Segment Start: EXTRACTED MATERIAL

(* Let $S$ be a connected shape in the triangular grid with at least two points, and let $v \in S$. Then $v$ is erodable with respect to $S$ if and only if $v$ has exactly one local boundary $B$ in $S$ and $B$ is a local outer boundary.
   Context: The triangular grid $G$ has as vertices ("points") the points of the regular triangular lattice in the plane, two points adjacent iff at unit distance; each point has six incident edges, cyclically ordered clockwise. A shape is a finite set of points, identified with its induced subgraph. A connected shape $S$ partitions the plane into faces; the unique unbounded one is the outer face, and a bounded face containing a grid point not in $S$ is a hole. The outer boundary of $S$ is the set of points of $S$ lying on the boundary of the outer face. A boundary point of $S$ is a point of $S$ adjacent to some point not in $S$. For a boundary point $v$, a local boundary of $v$ (w.r.t. $S$) is a maximal clockwise cyclic interval of consecutive edges incident to $v$ whose other endpoints are not in $S$; it is a local outer boundary if these other endpoints lie in the outer face of $S$. A point $v \in S$ is redundant if the subgraph induced by the neighbors of $v$ in $S$ is connected (i.e., removing $v$ does not disconnect its 1-hop neighborhood in $S$). A point is erodable w.r.t. $S$ if it is redundant and lies on the outer boundary of $S$. *)

theory Defs
  imports "HOL-Analysis.Analysis"
begin

text \<open>Points of the triangular lattice: pairs (a,b) standing for a*e1 + b*e2,
  with e1 = (1,0), e2 = (1/2, sqrt 3 / 2).\<close>
type_synonym point = "int \<times> int"

text \<open>The six directions, listed in clockwise cyclic order (index i, i < 6).\<close>
definition dir :: "nat \<Rightarrow> int \<times> int" where
  "dir i = [(1,0), (1,-1), (0,-1), (-1,0), (-1,1), (0,1)] ! (i mod 6)"

definition nbr :: "point \<Rightarrow> nat \<Rightarrow> point" where
  "nbr p i = (fst p + fst (dir i), snd p + snd (dir i))"

definition adj :: "point \<Rightarrow> point \<Rightarrow> bool" where
  "adj p q \<longleftrightarrow> (\<exists>i<6. q = nbr p i)"

definition emb :: "point \<Rightarrow> complex" where
  "emb p = Complex (of_int (fst p) + of_int (snd p) / 2) (of_int (snd p) * sqrt 3 / 2)"

definition grid_connected :: "point set \<Rightarrow> bool" where
  "grid_connected A \<longleftrightarrow>
     (\<forall>p\<in>A. \<forall>q\<in>A. (p, q) \<in> {(x, y). x \<in> A \<and> y \<in> A \<and> adj x y}\<^sup>*)"

definition connected_shape :: "point set \<Rightarrow> bool" where
  "connected_shape S \<longleftrightarrow> finite S \<and> grid_connected S"

definition drawing :: "point set \<Rightarrow> complex set" where
  "drawing S = emb ` S \<union>
     (\<Union>{closed_segment (emb p) (emb q) | p q. p \<in> S \<and> q \<in> S \<and> adj p q})"

definition outer_face :: "point set \<Rightarrow> complex set" where
  "outer_face S = {x. \<not> bounded (connected_component_set (- drawing S) x)}"

definition outer_boundary :: "point set \<Rightarrow> point set" where
  "outer_boundary S = {v \<in> S. emb v \<in> frontier (outer_face S)}"

definition redundant :: "point set \<Rightarrow> point \<Rightarrow> bool" where
  "redundant S v \<longleftrightarrow> v \<in> S \<and> grid_connected {q \<in> S. adj v q}"

definition erodable :: "point set \<Rightarrow> point \<Rightarrow> bool" where
  "erodable S v \<longleftrightarrow> redundant S v \<and> v \<in> outer_boundary S"

definition cyclic_interval :: "nat set \<Rightarrow> bool" where
  "cyclic_interval I \<longleftrightarrow> (\<exists>s<6. \<exists>k. 1 \<le> k \<and> k \<le> 6 \<and> I = {(s + j) mod 6 | j. j < k})"

definition free_interval :: "point set \<Rightarrow> point \<Rightarrow> nat set \<Rightarrow> bool" where
  "free_interval S v I \<longleftrightarrow> cyclic_interval I \<and> (\<forall>i\<in>I. nbr v i \<notin> S)"
(* Let $\alpha,n\in\mathbb{Q}$ with $n\neq0$. The torsion subgroup of $E_{\alpha,-n^2}(\mathbb{Q})$, where $$E_{\alpha,-n^2}:\ y^2=x^3+\alpha x^2-n^2x,$$ is not isomorphic to $\mathbb{Z}/2\mathbb{Z}\times\mathbb{Z}/8\mathbb{Z}$. *)

theory Defs
  imports Complex_Main "HOL-Algebra.Elementary_Groups"
begin

text \<open>Rational points of the curve y^2 = x^3 + a x^2 + b x, with None the point at infinity.\<close>

definition on_curve :: "rat \<Rightarrow> rat \<Rightarrow> (rat \<times> rat) option \<Rightarrow> bool" where
  "on_curve a b P = (case P of None \<Rightarrow> True
      | Some (x, y) \<Rightarrow> y^2 = x^3 + a * x^2 + b * x)"

definition ec_add :: "rat \<Rightarrow> rat \<Rightarrow> (rat \<times> rat) option \<Rightarrow> (rat \<times> rat) option \<Rightarrow> (rat \<times> rat) option" where
  "ec_add a b P Q = (case P of None \<Rightarrow> Q | Some (x1, y1) \<Rightarrow>
     (case Q of None \<Rightarrow> P | Some (x2, y2) \<Rightarrow>
       (if x1 = x2 \<and> y1 = - y2 then None
        else let l = (if x1 = x2 then (3 * x1^2 + 2 * a * x1 + b) / (2 * y1)
                      else (y2 - y1) / (x2 - x1));
                 x3 = l^2 - a - x1 - x2;
                 y3 = - (l * (x3 - x1) + y1)
             in Some (x3, y3))))"

definition ec_mul :: "rat \<Rightarrow> rat \<Rightarrow> nat \<Rightarrow> (rat \<times> rat) option \<Rightarrow> (rat \<times> rat) option" where
  "ec_mul a b m P = ((ec_add a b P) ^^ m) None"

definition ec_points :: "rat \<Rightarrow> rat \<Rightarrow> (rat \<times> rat) option set" where
  "ec_points a b = {P. on_curve a b P}"

definition ec_torsion_points :: "rat \<Rightarrow> rat \<Rightarrow> (rat \<times> rat) option set" where
  "ec_torsion_points a b = {P \<in> ec_points a b. \<exists>m>0. ec_mul a b m P = None}"

definition ec_torsion_group :: "rat \<Rightarrow> rat \<Rightarrow> (rat \<times> rat) option monoid" where
  "ec_torsion_group a b = \<lparr>carrier = ec_torsion_points a b, mult = ec_add a b, one = None\<rparr>"

end

theory Submission
  imports Defs "HOL-Computational_Algebra.Nth_Powers"
begin

text \<open>
  If the torsion group were \<open>Z/2 \<times> Z/8\<close>, some rational point \<open>P\<close> would have \<open>R = 4P\<close> of order 2,
  i.e. \<open>R = (e, 0)\<close> with \<open>f(e) = 0\<close> for the cubic \<open>f(X) = X\<^sup>3 + \<alpha>X\<^sup>2 - n\<^sup>2X\<close>. For every root \<open>e'\<close>
  of \<open>f\<close>, the duplication formula gives \<open>X(2S) - e' = (((X(S) - e')\<^sup>2 - f'(e')) / 2Y(S))\<^sup>2\<close>.
  Write \<open>Q = 2P = (x, y)\<close>. The root \<open>0\<close> and \<open>R = 2Q\<close> give \<open>e = s\<^sup>2\<close> with \<open>s = (x\<^sup>2 + n\<^sup>2)/2y \<noteq> 0\<close>;
  the root \<open>e\<close> and \<open>Q = 2P\<close> give \<open>x - e = t\<^sup>2\<close>; the root \<open>e\<close> and \<open>X(2Q) = e\<close> give
  \<open>(x - e)\<^sup>2 = f'(e) = e\<^sup>2 + n\<^sup>2\<close>. Hence \<open>t\<^sup>4 = s\<^sup>4 + n\<^sup>2\<close>, which Fermat's descent rules out.
  That \<open>2P\<close> and \<open>4P\<close> are again torsion points needs the partial associativity \<open>2P + X = P + (P + X)\<close>.
\<close>

section \<open>Fermat's equation \<open>x\<^sup>4 - y\<^sup>4 = z\<^sup>2\<close>\<close>

lemma power2_mod_4: "(n::nat)^2 mod 4 = (if even n then 0 else 1)"
proof (cases "even n")
  case True
  then obtain k where "n = 2*k" by blast
  then show ?thesis by (simp add: power2_eq_square)
next
  case False
  then obtain k where "n = 2*k + 1" using oddE by blast
  then have "n^2 = 4*(k*k + k) + 1" by (simp add: power2_eq_square algebra_simps)
  then show ?thesis using False by simp
qed
(* Let $d\ge 1$ and let $x\in\mathbb{R}^d$ be non-zero, and let $k=\lceil\|x\|_2\rceil$ be the upper integer part of $\|x\|_2$. Then $$\sup \mathbb{P}(X_1+\cdots+X_n=x)=\mathbb{P}(R_{k^2}=k),$$ where the supremum is taken over all $n\ge 1$ and all collections $X_1,\ldots,X_n$ of independent symmetric random variables in $\mathbb{R}^d$ with $\|X_i\|_2\le 1$ almost surely, and where $R_{m}$ denotes the sum of $m$ independent Rademacher random variables.
   Context: A random variable $X$ in $\mathbb{R}^d$ is symmetric if $X$ and $-X$ have the same distribution. A Rademacher random variable $\varepsilon$ satisfies $\mathbb{P}(\varepsilon=1)=\mathbb{P}(\varepsilon=-1)=\tfrac12$. *)

theory Defs
  imports "HOL-Probability.Probability"
begin

definition rademacher_sum_prob :: "nat \<Rightarrow> int \<Rightarrow> real" where
  "rademacher_sum_prob m k =
     measure_pmf.prob (Pi_pmf {..<m} 0 (\<lambda>_. pmf_of_set {-1, 1::int}))
       {e. (\<Sum>i<m. e i) = k}"

definition sym_sum_probs :: "'a itself \<Rightarrow> (real, 'd::finite) vec \<Rightarrow> real set" where
  "sym_sum_probs _ x =
     {measure M {\<omega> \<in> space M. (\<Sum>i<n. X i \<omega>) = x} | (M :: 'a measure) n (X :: nat \<Rightarrow> 'a \<Rightarrow> (real, 'd) vec).
        prob_space M \<and> n \<ge> 1 \<and>
        prob_space.indep_vars M (\<lambda>_. borel) X {..<n} \<and>
        (\<forall>i<n. distr M borel (X i) = distr M borel (\<lambda>\<omega>. - X i \<omega>)) \<and>
        (\<forall>i<n. AE \<omega> in M. norm (X i \<omega>) \<le> 1)}"
theorem mainTheorem14:
  fixes F g G H :: "real \<Rightarrow> real"
  assumes F: "BC F"
    and g: "L1 g"
    and G: "\<And>x. G x = (LINT y:{..x}|lborel. g y)"
    and H: "is_conv_L1_prim F g H"
  shows "same_dist_deriv H (conv_L F g) \<and> same_dist_deriv H (conv_BV F G)
       \<and> (\<forall>\<alpha> \<beta> :: ereal. \<alpha> < \<beta> \<longrightarrow>
            (\<exists>Ha Hb Pa Pb Qa Qb.
               ext_val H \<alpha> Ha \<and> ext_val H \<beta> Hb \<and>
               ext_val (conv_L F g) \<alpha> Pa \<and> ext_val (conv_L F g) \<beta> Pb \<and>
               ext_val (conv_BV F G) \<alpha> Qa \<and> ext_val (conv_BV F G) \<beta> Qb \<and>
               Hb - Ha = Pb - Pa \<and> Pb - Pa = Qb - Qa))"
proof -
  have g': "integrable lborel g" using g unfolding L1_def .
  have "G = prim g" using G unfolding prim_def by auto
  then have QP: "conv_BV F G = conv_L F g" using conv_BV_prim[OF F g'] by auto
  have HP: "H = conv_L F g" by (rule conv_L1_prim_eq_conv_L[OF F g' H])
  have "same_dist_deriv (conv_L F g) (conv_L F g)"
    unfolding same_dist_deriv_def
    using integrable_continuous_times_test_deriv[OF conv_L_continuous[OF F g']] by auto
  moreover obtain L where L: "(F \<longlongrightarrow> L) at_top" using F unfolding BC_def by blast
  have "ext_val (conv_L F g) t
          (if t = \<infinity> then L * (LINT y|lborel. g y) else if t = -\<infinity> then 0
           else conv_L F g (real_of_ereal t))" for t
    unfolding ext_val_def using conv_L_at_top[OF F g' L] conv_L_at_bot[OF F g'] by auto
  ultimately show ?thesis unfolding HP QP by blast
qed

end
(* Let $$A=\begin{bmatrix}1&1&1&1\\1&1&1&1\\1&0&0&0\end{bmatrix}.$$ For every integer $k\geq 1$ there exists an integer $m\leq 64k+1$ such that $$\mathrm{forb}(m,A)\geq \frac53\binom{m}{2}+\binom{m}{1}+\binom{m}{0}+k.$$
   Context: A simple $0$-$1$ matrix is one with no repeated columns; an $m\times n$ simple $0$-$1$ matrix is identified with a family of $n$ distinct subsets of $[m]$ (rows index elements, columns index sets). A matrix $M$ has configuration $F$ if some submatrix of $M$ is a row and column permutation of $F$. $\mathrm{forb}(m,F)$ denotes the maximum number of columns of an $m$-rowed simple $0$-$1$ matrix that does not have configuration $F$. A triple system of order $m$ and multiplicity $\lambda$ is a family of $3$-element subsets (blocks) of an $m$-element set in which every pair of distinct elements lies in exactly $\lambda$ blocks. *)

theory Defs
  imports Complex_Main
begin

text \<open>A simple m-rowed 0-1 matrix is a family Fam of distinct subsets of [m] = {0..<m}
  (column = set of rows where the entry is 1). A configuration F is a p x q 0-1 matrix,
  given as a predicate F i j (i<p row, j<q column; True = entry 1).\<close>

definition simple_matrix :: "nat \<Rightarrow> nat set set \<Rightarrow> bool" where
  "simple_matrix m Fam \<longleftrightarrow> Fam \<subseteq> Pow {..<m}"

definition has_config :: "nat \<Rightarrow> nat set set \<Rightarrow> nat \<Rightarrow> nat \<Rightarrow> (nat \<Rightarrow> nat \<Rightarrow> bool) \<Rightarrow> bool" where
  "has_config m Fam p q F \<longleftrightarrow>
     (\<exists>r c. inj_on r {..<p} \<and> r ` {..<p} \<subseteq> {..<m} \<and>
            inj_on c {..<q} \<and> c ` {..<q} \<subseteq> Fam \<and>
            (\<forall>i<p. \<forall>j<q. (r i \<in> c j) = F i j))"

definition forb :: "nat \<Rightarrow> nat \<Rightarrow> nat \<Rightarrow> (nat \<Rightarrow> nat \<Rightarrow> bool) \<Rightarrow> nat" where
  "forb m p q F = Max {card Fam | Fam. simple_matrix m Fam \<and> \<not> has_config m Fam p q F}"

definition matA :: "nat \<Rightarrow> nat \<Rightarrow> bool" where
  "matA i j \<longleftrightarrow> (i \<le> 1 \<or> j = 0)"

end

theory Submission
  imports Defs
begin

text \<open>Take \<open>m = 4^n\<close> with \<open>16k < m \<le> 64k\<close>. The lines of the affine space \<open>AG(n, 4)\<close> form a
  Steiner system \<open>S(2, 4, m)\<close>, and the family of all subsets of lines avoids \<open>A\<close>: the four
  columns all contain the two rows of ones, so they lie in a common line, which also contains
  the third row; the three columns missing the third row then differ only inside the single
  remaining point of that line, which leaves room for two of them at most. The family contains
  every set of size at most 2 and, for each of the at least \<open>m(m-1)/12\<close> lines, the five subsets
  of size at least 3 owned by that line alone. This gives \<open>11/6 (m choose 2) + m + 1\<close> columns,
  and the surplus \<open>(m choose 2)/6\<close> over the bound in question exceeds \<open>k\<close> because \<open>m > 16k\<close>.\<close>

text \<open>The field with four elements, \<open>GF(2)[\<alpha>]/(\<alpha>\<^sup>2 + \<alpha> + 1)\<close>, with \<open>Alpha = \<alpha>\<close> and
  \<open>Beta = \<alpha>\<^sup>2 = \<alpha> + 1\<close>.\<close>

datatype gf4 = Zero | One | Alpha | Beta

instantiation gf4 :: field
begin

definition zero_gf4 where "0 = Zero"
definition one_gf4 where "1 = One"

fun plus_gf4 :: "gf4 \<Rightarrow> gf4 \<Rightarrow> gf4" where
  "plus_gf4 Zero x = x" | "plus_gf4 x Zero = x"
| "plus_gf4 One One = Zero" | "plus_gf4 One Alpha = Beta" | "plus_gf4 One Beta = Alpha"
| "plus_gf4 Alpha One = Beta" | "plus_gf4 Alpha Alpha = Zero" | "plus_gf4 Alpha Beta = One"
| "plus_gf4 Beta One = Alpha" | "plus_gf4 Beta Alpha = One" | "plus_gf4 Beta Beta = Zero"

fun times_gf4 :: "gf4 \<Rightarrow> gf4 \<Rightarrow> gf4" where
  "times_gf4 Zero x = Zero" | "times_gf4 x Zero = Zero"
| "times_gf4 One x = x" | "times_gf4 x One = x"
| "times_gf4 Alpha Alpha = Beta" | "times_gf4 Alpha Beta = One"
| "times_gf4 Beta Alpha = One" | "times_gf4 Beta Beta = Alpha"

fun inverse_gf4 :: "gf4 \<Rightarrow> gf4" where
  "inverse_gf4 Alpha = Beta" | "inverse_gf4 Beta = Alpha" | "inverse_gf4 x = x"

definition uminus_gf4 :: "gf4 \<Rightarrow> gf4" where "uminus_gf4 x = x"
definition minus_gf4 :: "gf4 \<Rightarrow> gf4 \<Rightarrow> gf4" where "minus_gf4 x y = x + y"
definition divide_gf4 :: "gf4 \<Rightarrow> gf4 \<Rightarrow> gf4" where "divide_gf4 x y = x * inverse y"

instance proof
  fix a b c :: gf4
  show "a * b * c = a * (b * c)" by (cases a; cases b; cases c) simp_all
  show "a * b = b * a" by (cases a; cases b) simp_all
  show "1 * a = a" by (cases a) (simp_all add: one_gf4_def)
  show "a + b + c = a + (b + c)" by (cases a; cases b; cases c) simp_all
  show "a + b = b + a" by (cases a; cases b) simp_all
  show "0 + a = a" by (simp add: zero_gf4_def)
  show "- a + a = 0" by (cases a) (simp_all add: uminus_gf4_def zero_gf4_def)
  show "a - b = a + - b" by (simp add: minus_gf4_def uminus_gf4_def)
  show "(a + b) * c = a * c + b * c" by (cases a; cases b; cases c) simp_all
  show "(0::gf4) \<noteq> 1" by (simp add: zero_gf4_def one_gf4_def)
  show "a \<noteq> 0 \<Longrightarrow> inverse a * a = 1" by (cases a) (simp_all add: zero_gf4_def one_gf4_def)
  show "divide a b = a * inverse b" by (simp add: divide_gf4_def)
  show "inverse (0::gf4) = 0" by (simp add: zero_gf4_def)
qed

end

lemma UNIV_gf4: "(UNIV :: gf4 set) = {Zero, One, Alpha, Beta}"
  using gf4.exhaust by blast

instance gf4 :: finite
  by standard (simp add: UNIV_gf4)

lemma card_UNIV_gf4: "card (UNIV :: gf4 set) = 4"
  by (simp add: UNIV_gf4)

definition affine_line :: "'a::field list \<Rightarrow> 'a list \<Rightarrow> 'a list set" where
  "affine_line p q = range (\<lambda>t. map2 (\<lambda>a b. a + t * (b - a)) p q)"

Segment End: EXTRACTED MATERIAL

**EXERCISE PROMPT**
Go through the records line by line, and copy each line that holds the string "four".

**PROBLEM SOLUTION**
  Steiner system \<open>S(2, 4, m)\<close>, and the family of all subsets of lines avoids \<open>A\<close>: the four
text \<open>The field with four elements, \<open>GF(2)[\<alpha>]/(\<alpha>\<^sup>2 + \<alpha> + 1)\<close>, with \<open>Alpha = \<alpha>\<close> and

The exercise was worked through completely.